Saved data entries

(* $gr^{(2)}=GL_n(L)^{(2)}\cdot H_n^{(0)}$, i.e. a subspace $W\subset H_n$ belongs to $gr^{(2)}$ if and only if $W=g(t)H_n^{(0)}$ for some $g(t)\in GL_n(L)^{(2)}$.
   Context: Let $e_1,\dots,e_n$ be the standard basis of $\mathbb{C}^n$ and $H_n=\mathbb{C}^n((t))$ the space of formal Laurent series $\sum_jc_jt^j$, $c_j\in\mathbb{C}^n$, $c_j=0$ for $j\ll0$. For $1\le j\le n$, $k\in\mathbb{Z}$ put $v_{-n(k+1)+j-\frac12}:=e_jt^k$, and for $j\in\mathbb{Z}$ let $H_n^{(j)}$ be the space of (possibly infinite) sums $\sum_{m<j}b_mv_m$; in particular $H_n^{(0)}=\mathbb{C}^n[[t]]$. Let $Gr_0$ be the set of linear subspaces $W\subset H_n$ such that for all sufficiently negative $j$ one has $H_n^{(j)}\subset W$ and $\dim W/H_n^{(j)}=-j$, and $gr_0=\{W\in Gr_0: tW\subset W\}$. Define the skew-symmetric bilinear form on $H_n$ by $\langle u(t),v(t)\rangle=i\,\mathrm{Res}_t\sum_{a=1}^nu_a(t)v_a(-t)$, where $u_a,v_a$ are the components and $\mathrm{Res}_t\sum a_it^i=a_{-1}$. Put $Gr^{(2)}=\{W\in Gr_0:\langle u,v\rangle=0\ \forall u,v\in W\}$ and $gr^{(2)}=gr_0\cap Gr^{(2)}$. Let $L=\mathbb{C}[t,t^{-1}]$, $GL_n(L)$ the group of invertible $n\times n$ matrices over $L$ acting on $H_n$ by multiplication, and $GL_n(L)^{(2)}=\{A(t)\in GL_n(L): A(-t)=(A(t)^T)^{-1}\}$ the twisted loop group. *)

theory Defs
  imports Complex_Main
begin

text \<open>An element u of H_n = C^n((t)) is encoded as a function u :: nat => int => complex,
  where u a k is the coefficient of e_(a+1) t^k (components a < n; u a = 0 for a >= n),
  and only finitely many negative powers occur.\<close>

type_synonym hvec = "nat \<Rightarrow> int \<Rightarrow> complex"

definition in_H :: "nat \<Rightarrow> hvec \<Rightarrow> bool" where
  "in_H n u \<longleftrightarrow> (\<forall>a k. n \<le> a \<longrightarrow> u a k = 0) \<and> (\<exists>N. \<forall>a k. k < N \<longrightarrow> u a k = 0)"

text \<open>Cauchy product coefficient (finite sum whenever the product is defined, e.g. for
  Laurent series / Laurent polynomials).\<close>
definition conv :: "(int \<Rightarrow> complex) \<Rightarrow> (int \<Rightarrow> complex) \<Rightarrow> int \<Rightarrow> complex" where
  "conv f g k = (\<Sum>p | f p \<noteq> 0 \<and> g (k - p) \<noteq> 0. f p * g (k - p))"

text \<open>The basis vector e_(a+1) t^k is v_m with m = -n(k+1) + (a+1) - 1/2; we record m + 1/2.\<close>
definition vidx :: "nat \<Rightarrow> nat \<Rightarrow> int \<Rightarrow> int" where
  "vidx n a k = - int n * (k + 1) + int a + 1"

» **ABOUT THIS TASK**
Return the data exactly. Include every record.

» **EXERCISE RESULT**
(* $gr^{(2)}=GL_n(L)^{(2)}\cdot H_n^{(0)}$, i.e. a subspace $W\subset H_n$ belongs to $gr^{(2)}$ if and only if $W=g(t)H_n^{(0)}$ for some $g(t)\in GL_n(L)^{(2)}$.
   Context: Let $e_1,\dots,e_n$ be the standard basis of $\mathbb{C}^n$ and $H_n=\mathbb{C}^n((t))$ the space of formal Laurent series $\sum_jc_jt^j$, $c_j\in\mathbb{C}^n$, $c_j=0$ for $j\ll0$. For $1\le j\le n$, $k\in\mathbb{Z}$ put $v_{-n(k+1)+j-\frac12}:=e_jt^k$, and for $j\in\mathbb{Z}$ let $H_n^{(j)}$ be the space of (possibly infinite) sums $\sum_{m<j}b_mv_m$; in particular $H_n^{(0)}=\mathbb{C}^n[[t]]$. Let $Gr_0$ be the set of linear subspaces $W\subset H_n$ such that for all sufficiently negative $j$ one has $H_n^{(j)}\subset W$ and $\dim W/H_n^{(j)}=-j$, and $gr_0=\{W\in Gr_0: tW\subset W\}$. Define the skew-symmetric bilinear form on $H_n$ by $\langle u(t),v(t)\rangle=i\,\mathrm{Res}_t\sum_{a=1}^nu_a(t)v_a(-t)$, where $u_a,v_a$ are the components and $\mathrm{Res}_t\sum a_it^i=a_{-1}$. Put $Gr^{(2)}=\{W\in Gr_0:\langle u,v\rangle=0\ \forall u,v\in W\}$ and $gr^{(2)}=gr_0\cap Gr^{(2)}$. Let $L=\mathbb{C}[t,t^{-1}]$, $GL_n(L)$ the group of invertible $n\times n$ matrices over $L$ acting on $H_n$ by multiplication, and $GL_n(L)^{(2)}=\{A(t)\in GL_n(L): A(-t)=(A(t)^T)^{-1}\}$ the twisted loop group. *)

theory Defs
  imports Complex_Main
begin

text \<open>An element u of H_n = C^n((t)) is encoded as a function u :: nat => int => complex,
  where u a k is the coefficient of e_(a+1) t^k (components a < n; u a = 0 for a >= n),
  and only finitely many negative powers occur.\<close>

type_synonym hvec = "nat \<Rightarrow> int \<Rightarrow> complex"

definition in_H :: "nat \<Rightarrow> hvec \<Rightarrow> bool" where
  "in_H n u \<longleftrightarrow> (\<forall>a k. n \<le> a \<longrightarrow> u a k = 0) \<and> (\<exists>N. \<forall>a k. k < N \<longrightarrow> u a k = 0)"

text \<open>Cauchy product coefficient (finite sum whenever the product is defined, e.g. for
  Laurent series / Laurent polynomials).\<close>
definition conv :: "(int \<Rightarrow> complex) \<Rightarrow> (int \<Rightarrow> complex) \<Rightarrow> int \<Rightarrow> complex" where
  "conv f g k = (\<Sum>p | f p \<noteq> 0 \<and> g (k - p) \<noteq> 0. f p * g (k - p))"

text \<open>The basis vector e_(a+1) t^k is v_m with m = -n(k+1) + (a+1) - 1/2; we record m + 1/2.\<close>
definition vidx :: "nat \<Rightarrow> nat \<Rightarrow> int \<Rightarrow> int" where
  "vidx n a k = - int n * (k + 1) + int a + 1"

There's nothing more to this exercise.